Hello,
I am trying to complete a sequence search using RNA-seq reads with the Biostrings function vcountPDict. However, I am running into out-of-memory errors when running vcountPDict() and I'm looking for some guidance with 1) my implementation may not be optimal or 2) what are typically the largest number of sequences in PDict object one can search for?
Background:
I have 4,722 50bp sequences and thier reverse complement that are saved into a PDict Object (length=9444 sequences). I have on average 5-6 million 75bp RNAseq reads from human Chr 16 that are saved as DNAstringSet object. I am using vcountPDict() function to search the DNAstringSet for the sequences saved in the PDict. But when I run the search with vcountPDict, I get an error "(Error: cannot allocate vector of size 154.7 Gb)" or whatever Gb it was looking for.
I've tried just making the PDict object smaller, but I'm down to 3,000 sequences and I still am getting more than half my searches failing with out-of-memory. So I'd like to hopefully figure out if I'm asking for too many searches and maybe only do 100-200 at a time? Or other suggestions?
CODE:
#create the sequence pattern dictionary
pdict_obj <- sequences %>%
pull(SeqExon, name=Name) %>%
DNAStringSet()
#Add reverse compliment to search
pdict_obj <- c(pdict_obj, magrittr::set_names(reverseComplement(pdict_obj),
paste0("revComp",names(pdict_obj))))
pdict_obj <- PDict(pdict_obj)
#Pull out the RNAseq reads for chr16
gr <- GenomicRanges::GRanges(seqnames = Rle("16"), ranges = IRanges(start=0, end=90354753))
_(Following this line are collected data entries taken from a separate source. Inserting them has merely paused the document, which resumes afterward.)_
(* Let $N\ge3$, $p>1$, and let $g:\mathbb R^N\times\mathbb R\to\mathbb R$ be a Carathéodory function such that there exist $1<q<p$ and $\eta\in L^{p/(p-q)}(\mathbb R^N)$ with $0\le g(x,t)t\le\eta(x)|t|^q$ for a.e. $x$ and all $t$. Let $(w_n)_n,(v_n)_n\subset X$ and $v,w\in X$ be such that, for some constants $M_1,M_2>0$: $\|w_n\|_W\le M_1$ for all $n$ and $w_n\to w$ a.e. in $\mathbb R^N$; $\|v_n\|_W\le M_2$ for all $n$ and $v_n\to0$ a.e. in $\mathbb R^N$. Then $\lim_{n\to+\infty}\int_{\mathbb R^N}g(x,w_n)v_n\,dx=0$.
   Context: $X=W^{1,p}(\mathbb R^N)\cap L^\infty(\mathbb R^N)$, $\|u\|_W=(|\nabla u|_p^p+|u|_p^p)^{1/p}$. *)

theory Defs
  imports "HOL-Analysis.Analysis"
begin

text \<open>Smooth (C-infinity) real functions on a Euclidean space: all iterated directional
  (Frechet) derivatives exist everywhere.\<close>
coinductive smooth_fun :: "('a::euclidean_space \<Rightarrow> real) \<Rightarrow> bool" where
  "f differentiable_on UNIV \<Longrightarrow> (\<forall>v. smooth_fun (\<lambda>x. frechet_derivative f (at x) v))
   \<Longrightarrow> smooth_fun f"

definition test_fun :: "('a::euclidean_space \<Rightarrow> real) \<Rightarrow> bool" where
  "test_fun \<phi> \<longleftrightarrow> smooth_fun \<phi> \<and> compact (closure {x. \<phi> x \<noteq> 0})"

definition Lp :: "real \<Rightarrow> ('a::euclidean_space \<Rightarrow> real) \<Rightarrow> bool" where
  "Lp p u \<longleftrightarrow> u \<in> borel_measurable lebesgue \<and> integrable lebesgue (\<lambda>x. \<bar>u x\<bar> powr p)"

definition Linfty :: "('a::euclidean_space \<Rightarrow> real) \<Rightarrow> bool" where
  "Linfty u \<longleftrightarrow> u \<in> borel_measurable lebesgue \<and> (\<exists>C. AE x in lebesgue. \<bar>u x\<bar> \<le> C)"

definition weak_grad :: "('a::euclidean_space \<Rightarrow> real) \<Rightarrow> ('a \<Rightarrow> 'a) \<Rightarrow> bool" where
  "weak_grad u G \<longleftrightarrow> G \<in> borel_measurable lebesgue \<and>
     (\<forall>\<phi>. test_fun \<phi> \<longrightarrow> (\<forall>i\<in>Basis.
        (\<integral>x. u x * frechet_derivative \<phi> (at x) i \<partial>lebesgue)
          = - (\<integral>x. (G x \<bullet> i) * \<phi> x \<partial>lebesgue)))"

definition W1p :: "real \<Rightarrow> ('a::euclidean_space \<Rightarrow> real) \<Rightarrow> bool" where
  "W1p p u \<longleftrightarrow> Lp p u \<and> (\<exists>G. weak_grad u G \<and> Lp p (\<lambda>x. norm (G x)))"

definition in_X :: "real \<Rightarrow> ('a::euclidean_space \<Rightarrow> real) \<Rightarrow> bool" where
  "in_X p u \<longleftrightarrow> W1p p u \<and> Linfty u"

text \<open>Weak gradient (unique a.e., so the norm below does not depend on the choice).\<close>
definition wgrad :: "('a::euclidean_space \<Rightarrow> real) \<Rightarrow> 'a \<Rightarrow> 'a" where
  "wgrad u = (SOME G. weak_grad u G)"

definition W_norm :: "real \<Rightarrow> ('a::euclidean_space \<Rightarrow> real) \<Rightarrow> real" where
  "W_norm p u = ((\<integral>x. norm (wgrad u x) powr p \<partial>lebesgue)
                 + (\<integral>x. \<bar>u x\<bar> powr p \<partial>lebesgue)) powr (1 / p)"

definition caratheodory :: "('a::euclidean_space \<Rightarrow> real \<Rightarrow> real) \<Rightarrow> bool" where
  "caratheodory g \<longleftrightarrow> (\<forall>t. (\<lambda>x. g x t) \<in> borel_measurable lebesgue) \<and>
     (AE x in lebesgue. continuous_on UNIV (g x))"

end

theory Submission
  imports Defs
begin

(* The sign condition and continuity in t force g(x,0) = 0, hence |g(x,t)| <= eta(x) |t|^(q-1).
   For l > 0, Young's inequality splits eta |w_n|^(q-1) |v_n| into l |w_n|^p, small uniformly
   in n, and l^(1-r) (eta |v_n|)^r with r = p/(p-q+1).  Truncating eta |v_n| at the level
   K eta^(1+theta), theta = 1/(p-q), leaves a remainder K^(-r(p-q)) |v_n|^p, small uniformly in n
   for large K, while the truncated part is dominated by K^r eta^(p/(p-q)) and tends to 0 by
   dominated convergence. *)

lemma powr_mult_le_Young_epsilon:
  fixes a y l \<alpha> p r :: real
  assumes "0 \<le> a" and y: "0 \<le> y" and l: "0 < l" and \<alpha>: "0 < \<alpha>" "\<alpha> < p"
    and r: "r = p / (p - \<alpha>)"
  shows "a powr \<alpha> * y \<le> l * a powr p + l powr (1 - r) * y powr r"
proof (cases "y \<le> l * a powr (p - \<alpha>)")
  case True
  have "a powr \<alpha> * y \<le> a powr \<alpha> * (l * a powr (p - \<alpha>))"
    using True by (simp add: mult_left_mono)
  also have "\<dots> = l * a powr p" by (simp add: mult.left_commute flip: powr_add)
  finally show ?thesis by (smt (verit) mult_nonneg_nonneg powr_ge_zero l)
next
  case False
  then have small: "a powr (p - \<alpha>) < y / l"
    using l by (simp add: field_simps)
  have y_pos: "0 < y"
    using False l by (smt (verit) mult_nonneg_nonneg powr_ge_zero)
  have r_minus_1: "\<alpha> / (p - \<alpha>) = r - 1" using r \<alpha> by (simp add: field_simps)
  have "a powr \<alpha> = (a powr (p - \<alpha>)) powr (r - 1)"
    using \<alpha> by (simp add: powr_powr flip: r_minus_1)
  also have "\<dots> \<le> (y / l) powr (r - 1)"
    using small \<alpha> by (intro powr_mono2) (auto simp flip: r_minus_1)
  finally have "a powr \<alpha> * y \<le> (y / l) powr (r - 1) * y"
    using y by (rule mult_right_mono)
  also have "\<dots> = l powr (1 - r) * y powr r"
    using y_pos l by (simp add: powr_divide powr_diff field_simps)
  finally show ?thesis using l by (smt (verit) mult_nonneg_nonneg powr_ge_zero)
qed

lemma mult_powr_le_truncation:
  fixes e b K \<theta> p r :: real
  assumes e: "0 \<le> e" and b: "0 \<le> b" and K: "0 < K" and \<theta>: "0 < \<theta>" and r: "0 < r"
    and p: "r / \<theta> + r = p"
  shows "(e * b) powr r \<le> min (e * b) (K * e powr (1 + \<theta>)) powr r + K powr (- (r / \<theta>)) * b powr p"
proof (cases "e * b \<le> K * e powr (1 + \<theta>)")
  case True
  then show ?thesis by simp
next
  case False
  then have e_pos: "0 < e" using K e by (cases "e = 0") auto
  then have "K * e powr \<theta> < b" using False by (simp add: powr_add mult_ac)
  then have b_pos: "0 < b" using K by (smt (verit) mult_pos_pos powr_gt_zero e_pos)
  have "e powr \<theta> < b / K" using \<open>K * e powr \<theta> < b\<close> K by (simp add: field_simps)
  then have "(e powr \<theta>) powr (1 / \<theta>) \<le> (b / K) powr (1 / \<theta>)"
    using \<theta> by (intro powr_mono2) auto
  then have "e \<le> (b / K) powr (1 / \<theta>)" using \<theta> e_pos by (simp add: powr_powr)
  then have "(e * b) powr r \<le> ((b / K) powr (1 / \<theta>) * b) powr r"
    using b e r by (intro powr_mono2 mult_right_mono) auto
  also have "\<dots> = b powr (r / \<theta>) * b powr r / K powr (r / \<theta>)"
    using b_pos K by (simp add: powr_mult powr_powr powr_divide)
  also have "\<dots> = K powr (- (r / \<theta>)) * b powr p"
    by (simp add: powr_minus_divide flip: p powr_add)
  finally show ?thesis by (smt (verit) powr_ge_zero)
qed

lemma continuous_sign_condition_zero:
  fixes h :: "real \<Rightarrow> real"
  assumes "isCont h 0" and sign: "\<And>t. 0 \<le> h t * t"
  shows "h 0 = 0"
proof -
  have right: "(h \<longlongrightarrow> h 0) (at_right 0)" and left: "(h \<longlongrightarrow> h 0) (at_left 0)"
    using assms(1) by (simp_all add: isCont_def filterlim_at_split)
  have "0 \<le> h t" if "0 < t" for t using sign[of t] that by (simp add: zero_le_mult_iff)
  then have "eventually (\<lambda>t. 0 \<le> h t) (at_right 0)"
    by (auto simp: eventually_at_right_field intro!: exI[of _ 1])
  then have "0 \<le> h 0" using right by (intro tendsto_lowerbound) auto
  have "h t \<le> 0" if "t < 0" for t using sign[of t] that by (simp add: zero_le_mult_iff)
  then have "eventually (\<lambda>t. h t \<le> 0) (at_left 0)"
    by (auto simp: eventually_at_left_field intro!: exI[of _ "-1"])
  then have "h 0 \<le> 0" using left by (intro tendsto_upperbound) auto
  with \<open>0 \<le> h 0\<close> show ?thesis by simp
qed

lemma abs_le_powr_of_sign_condition:
  fixes h :: "real \<Rightarrow> real"
  assumes "h 0 = 0" and "0 \<le> h t * t" and "h t * t \<le> e * \<bar>t\<bar> powr q"
  shows "\<bar>h t\<bar> \<le> e * \<bar>t\<bar> powr (q - 1)"
proof (cases "t = 0")
  case False
  have "\<bar>h t\<bar> * \<bar>t\<bar> = h t * t" using assms(2) by (metis abs_mult abs_of_nonneg)
  also have "\<dots> \<le> (e * \<bar>t\<bar> powr (q - 1)) * \<bar>t\<bar>"
    using assms(3) False by (simp add: powr_diff mult_ac)
  finally show ?thesis using False by simp
qed (use assms(1) in simp)

lemma integral_abs_powr_le_W_norm:
  fixes u :: "'a::euclidean_space \<Rightarrow> real"
  assumes "W_norm p u \<le> M" and "0 < p"
  shows "(\<integral>x. \<bar>u x\<bar> powr p \<partial>lebesgue) \<le> M powr p"
proof -
  define A where "A = (\<integral>x. norm (wgrad u x) powr p \<partial>lebesgue)"
  define B where "B = (\<integral>x. \<bar>u x\<bar> powr p \<partial>lebesgue)"
  have "0 \<le> A" "0 \<le> B" unfolding A_def B_def by (simp_all add: integral_nonneg_AE)
  then have "A + B = ((A + B) powr (1 / p)) powr p" using assms(2) by (simp add: powr_powr)
  also have "\<dots> \<le> M powr p"
    using assms unfolding W_norm_def A_def B_def by (intro powr_mono2) auto
  finally show ?thesis using \<open>0 \<le> A\<close> unfolding B_def by linarith
qed

text \<open>No integrability of \<open>f\<close> is needed: otherwise its integral is 0.\<close>
lemma abs_integral_le_AE:
  fixes f h :: "'a \<Rightarrow> real"
  assumes "integrable M h" and "AE x in M. \<bar>f x\<bar> \<le> h x"
  shows "\<bar>\<integral>x. f x \<partial>M\<bar> \<le> (\<integral>x. h x \<partial>M)"
proof -
  have "AE x in M. 0 \<le> h x" using assms(2) by eventually_elim auto
  then have "(\<integral>x. f x \<partial>M) \<le> (\<integral>x. h x \<partial>M)" and "(\<integral>x. - f x \<partial>M) \<le> (\<integral>x. h x \<partial>M)"
    using assms by (intro integral_mono_AE'; auto elim: eventually_mono)+
  then show ?thesis by simp
qed

lemma integral_min_powr_tendsto_zero:
  fixes a :: "nat \<Rightarrow> 'a \<Rightarrow> real" and b :: "'a \<Rightarrow> real"
  assumes [measurable]: "\<And>n. a n \<in> borel_measurable M" "b \<in> borel_measurable M"
    and "integrable M (\<lambda>x. b x powr r)" and "0 < r"
    and "AE x in M. (\<lambda>n. a n x) \<longlonglongrightarrow> 0"
    and "AE x in M. \<forall>n. 0 \<le> a n x" and "AE x in M. 0 \<le> b x"
  shows "(\<lambda>n. \<integral>x. min (a n x) (b x) powr r \<partial>M) \<longlonglongrightarrow> 0"
proof -
  have "AE x in M. (\<lambda>n. min (a n x) (b x) powr r) \<longlonglongrightarrow> 0"
    using assms(5-7)
  proof eventually_elim
    case (elim x)
    have "(\<lambda>n. min (a n x) (b x)) \<longlonglongrightarrow> min 0 (b x)" by (intro tendsto_intros elim(1))
    then show ?case using elim \<open>0 < r\<close> by (intro tendsto_zero_powrI[where b = r]) auto
  qed
  moreover have "AE x in M. norm (min (a n x) (b x) powr r) \<le> b x powr r" for n
    using assms(6,7) by eventually_elim (simp add: powr_mono2 \<open>0 < r\<close> less_imp_le)
  ultimately have "(\<lambda>n. \<integral>x. min (a n x) (b x) powr r \<partial>M) \<longlonglongrightarrow> (\<integral>x. 0 \<partial>M)"
    using assms(3) by (intro integral_dominated_convergence[where w = "\<lambda>x. b x powr r"]) auto
  then show ?thesis by simp
qed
params <- Rsamtools::ScanBamParam(which = gr, what = Rsamtools::scanBamWhat())
RNAseqReads <- Rsamtools::scanBam(bam_file, param = params)[[1]]$seq
#match the sequences
read.matches <- vcountPDict(pdict = pdict_obj,
subject = RNAseqReads,
max.mismatch = 0, min.mismatch = 0,
with.indels = FALSE)
rownames(read.matches) <- names(pdict_obj)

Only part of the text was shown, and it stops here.